Dataset entries

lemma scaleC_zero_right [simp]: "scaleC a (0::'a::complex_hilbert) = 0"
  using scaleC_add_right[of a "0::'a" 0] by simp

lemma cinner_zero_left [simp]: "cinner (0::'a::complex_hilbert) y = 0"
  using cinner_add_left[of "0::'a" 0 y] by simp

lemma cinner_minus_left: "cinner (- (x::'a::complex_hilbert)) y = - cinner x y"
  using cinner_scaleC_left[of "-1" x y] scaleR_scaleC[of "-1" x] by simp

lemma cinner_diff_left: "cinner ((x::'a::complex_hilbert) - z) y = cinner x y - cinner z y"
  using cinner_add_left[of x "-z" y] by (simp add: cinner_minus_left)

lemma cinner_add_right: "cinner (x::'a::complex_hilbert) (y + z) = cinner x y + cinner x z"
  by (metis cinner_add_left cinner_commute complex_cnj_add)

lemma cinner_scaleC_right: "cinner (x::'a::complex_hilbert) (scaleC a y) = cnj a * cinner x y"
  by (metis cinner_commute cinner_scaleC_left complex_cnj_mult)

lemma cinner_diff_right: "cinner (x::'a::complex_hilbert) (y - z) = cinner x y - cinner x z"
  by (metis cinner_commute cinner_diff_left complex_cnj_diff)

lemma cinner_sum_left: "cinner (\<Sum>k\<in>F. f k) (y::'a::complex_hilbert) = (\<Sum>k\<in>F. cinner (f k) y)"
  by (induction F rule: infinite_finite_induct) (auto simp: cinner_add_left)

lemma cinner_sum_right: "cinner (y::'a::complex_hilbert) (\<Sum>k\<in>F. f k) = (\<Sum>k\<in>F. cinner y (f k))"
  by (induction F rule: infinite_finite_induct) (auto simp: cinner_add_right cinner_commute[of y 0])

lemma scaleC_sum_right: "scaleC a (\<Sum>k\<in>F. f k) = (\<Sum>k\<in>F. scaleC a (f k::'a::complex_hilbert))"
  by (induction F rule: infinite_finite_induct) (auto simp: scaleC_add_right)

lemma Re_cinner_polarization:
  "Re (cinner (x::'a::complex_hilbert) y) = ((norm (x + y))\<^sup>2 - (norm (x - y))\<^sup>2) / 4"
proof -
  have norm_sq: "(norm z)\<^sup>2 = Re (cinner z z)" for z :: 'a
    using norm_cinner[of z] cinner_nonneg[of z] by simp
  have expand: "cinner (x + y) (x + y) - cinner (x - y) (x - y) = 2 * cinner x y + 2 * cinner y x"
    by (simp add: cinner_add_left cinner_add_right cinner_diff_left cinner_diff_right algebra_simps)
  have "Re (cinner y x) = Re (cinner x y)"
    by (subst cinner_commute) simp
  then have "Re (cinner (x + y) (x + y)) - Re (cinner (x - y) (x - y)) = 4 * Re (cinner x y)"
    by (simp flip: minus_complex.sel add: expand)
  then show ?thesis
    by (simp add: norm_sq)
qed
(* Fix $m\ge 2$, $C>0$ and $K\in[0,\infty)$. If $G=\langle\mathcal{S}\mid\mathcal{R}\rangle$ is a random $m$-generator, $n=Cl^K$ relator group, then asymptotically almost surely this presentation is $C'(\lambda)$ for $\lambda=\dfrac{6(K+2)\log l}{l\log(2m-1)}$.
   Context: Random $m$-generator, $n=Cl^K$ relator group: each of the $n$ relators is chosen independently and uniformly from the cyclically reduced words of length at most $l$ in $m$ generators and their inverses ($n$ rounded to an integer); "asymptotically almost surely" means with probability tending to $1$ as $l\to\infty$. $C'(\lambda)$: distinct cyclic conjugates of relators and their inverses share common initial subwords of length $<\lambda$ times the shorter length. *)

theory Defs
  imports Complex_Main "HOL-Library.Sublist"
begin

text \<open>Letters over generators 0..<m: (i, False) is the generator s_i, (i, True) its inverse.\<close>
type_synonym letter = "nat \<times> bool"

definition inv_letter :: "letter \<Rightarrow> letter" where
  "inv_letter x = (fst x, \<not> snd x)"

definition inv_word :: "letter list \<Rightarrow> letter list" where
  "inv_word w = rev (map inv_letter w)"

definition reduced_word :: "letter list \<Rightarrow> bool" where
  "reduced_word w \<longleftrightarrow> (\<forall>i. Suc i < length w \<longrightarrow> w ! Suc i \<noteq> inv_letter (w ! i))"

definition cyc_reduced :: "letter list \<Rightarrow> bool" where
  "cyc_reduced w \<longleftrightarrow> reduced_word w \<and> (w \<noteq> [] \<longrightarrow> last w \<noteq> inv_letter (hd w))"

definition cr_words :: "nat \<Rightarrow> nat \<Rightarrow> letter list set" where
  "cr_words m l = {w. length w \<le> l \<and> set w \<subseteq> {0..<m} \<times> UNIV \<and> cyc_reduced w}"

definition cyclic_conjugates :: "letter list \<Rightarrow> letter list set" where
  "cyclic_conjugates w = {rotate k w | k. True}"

Task item
Without dropping a single line, output the records above exactly.

Response to this task
lemma scaleC_zero_right [simp]: "scaleC a (0::'a::complex_hilbert) = 0"
  using scaleC_add_right[of a "0::'a" 0] by simp

lemma cinner_zero_left [simp]: "cinner (0::'a::complex_hilbert) y = 0"
  using cinner_add_left[of "0::'a" 0 y] by simp

lemma cinner_minus_left: "cinner (- (x::'a::complex_hilbert)) y = - cinner x y"
  using cinner_scaleC_left[of "-1" x y] scaleR_scaleC[of "-1" x] by simp

lemma cinner_diff_left: "cinner ((x::'a::complex_hilbert) - z) y = cinner x y - cinner z y"
  using cinner_add_left[of x "-z" y] by (simp add: cinner_minus_left)

lemma cinner_add_right: "cinner (x::'a::complex_hilbert) (y + z) = cinner x y + cinner x z"
  by (metis cinner_add_left cinner_commute complex_cnj_add)

lemma cinner_scaleC_right: "cinner (x::'a::complex_hilbert) (scaleC a y) = cnj a * cinner x y"
  by (metis cinner_commute cinner_scaleC_left complex_cnj_mult)

lemma cinner_diff_right: "cinner (x::'a::complex_hilbert) (y - z) = cinner x y - cinner x z"
  by (metis cinner_commute cinner_diff_left complex_cnj_diff)

lemma cinner_sum_left: "cinner (\<Sum>k\<in>F. f k) (y::'a::complex_hilbert) = (\<Sum>k\<in>F. cinner (f k) y)"
  by (induction F rule: infinite_finite_induct) (auto simp: cinner_add_left)

lemma cinner_sum_right: "cinner (y::'a::complex_hilbert) (\<Sum>k\<in>F. f k) = (\<Sum>k\<in>F. cinner y (f k))"
  by (induction F rule: infinite_finite_induct) (auto simp: cinner_add_right cinner_commute[of y 0])

lemma scaleC_sum_right: "scaleC a (\<Sum>k\<in>F. f k) = (\<Sum>k\<in>F. scaleC a (f k::'a::complex_hilbert))"
  by (induction F rule: infinite_finite_induct) (auto simp: scaleC_add_right)

lemma Re_cinner_polarization:
  "Re (cinner (x::'a::complex_hilbert) y) = ((norm (x + y))\<^sup>2 - (norm (x - y))\<^sup>2) / 4"
proof -
  have norm_sq: "(norm z)\<^sup>2 = Re (cinner z z)" for z :: 'a
    using norm_cinner[of z] cinner_nonneg[of z] by simp
  have expand: "cinner (x + y) (x + y) - cinner (x - y) (x - y) = 2 * cinner x y + 2 * cinner y x"
    by (simp add: cinner_add_left cinner_add_right cinner_diff_left cinner_diff_right algebra_simps)
  have "Re (cinner y x) = Re (cinner x y)"
    by (subst cinner_commute) simp
  then have "Re (cinner (x + y) (x + y)) - Re (cinner (x - y) (x - y)) = 4 * Re (cinner x y)"
    by (simp flip: minus_complex.sel add: expand)
  then show ?thesis
    by (simp add: norm_sq)
qed
(* Fix $m\ge 2$, $C>0$ and $K\in[0,\infty)$. If $G=\langle\mathcal{S}\mid\mathcal{R}\rangle$ is a random $m$-generator, $n=Cl^K$ relator group, then asymptotically almost surely this presentation is $C'(\lambda)$ for $\lambda=\dfrac{6(K+2)\log l}{l\log(2m-1)}$.
   Context: Random $m$-generator, $n=Cl^K$ relator group: each of the $n$ relators is chosen independently and uniformly from the cyclically reduced words of length at most $l$ in $m$ generators and their inverses ($n$ rounded to an integer); "asymptotically almost surely" means with probability tending to $1$ as $l\to\infty$. $C'(\lambda)$: distinct cyclic conjugates of relators and their inverses share common initial subwords of length $<\lambda$ times the shorter length. *)

theory Defs
  imports Complex_Main "HOL-Library.Sublist"
begin

text \<open>Letters over generators 0..<m: (i, False) is the generator s_i, (i, True) its inverse.\<close>
type_synonym letter = "nat \<times> bool"

definition inv_letter :: "letter \<Rightarrow> letter" where
  "inv_letter x = (fst x, \<not> snd x)"

definition inv_word :: "letter list \<Rightarrow> letter list" where
  "inv_word w = rev (map inv_letter w)"

definition reduced_word :: "letter list \<Rightarrow> bool" where
  "reduced_word w \<longleftrightarrow> (\<forall>i. Suc i < length w \<longrightarrow> w ! Suc i \<noteq> inv_letter (w ! i))"

definition cyc_reduced :: "letter list \<Rightarrow> bool" where
  "cyc_reduced w \<longleftrightarrow> reduced_word w \<and> (w \<noteq> [] \<longrightarrow> last w \<noteq> inv_letter (hd w))"

definition cr_words :: "nat \<Rightarrow> nat \<Rightarrow> letter list set" where
  "cr_words m l = {w. length w \<le> l \<and> set w \<subseteq> {0..<m} \<times> UNIV \<and> cyc_reduced w}"

definition cyclic_conjugates :: "letter list \<Rightarrow> letter list set" where
  "cyclic_conjugates w = {rotate k w | k. True}"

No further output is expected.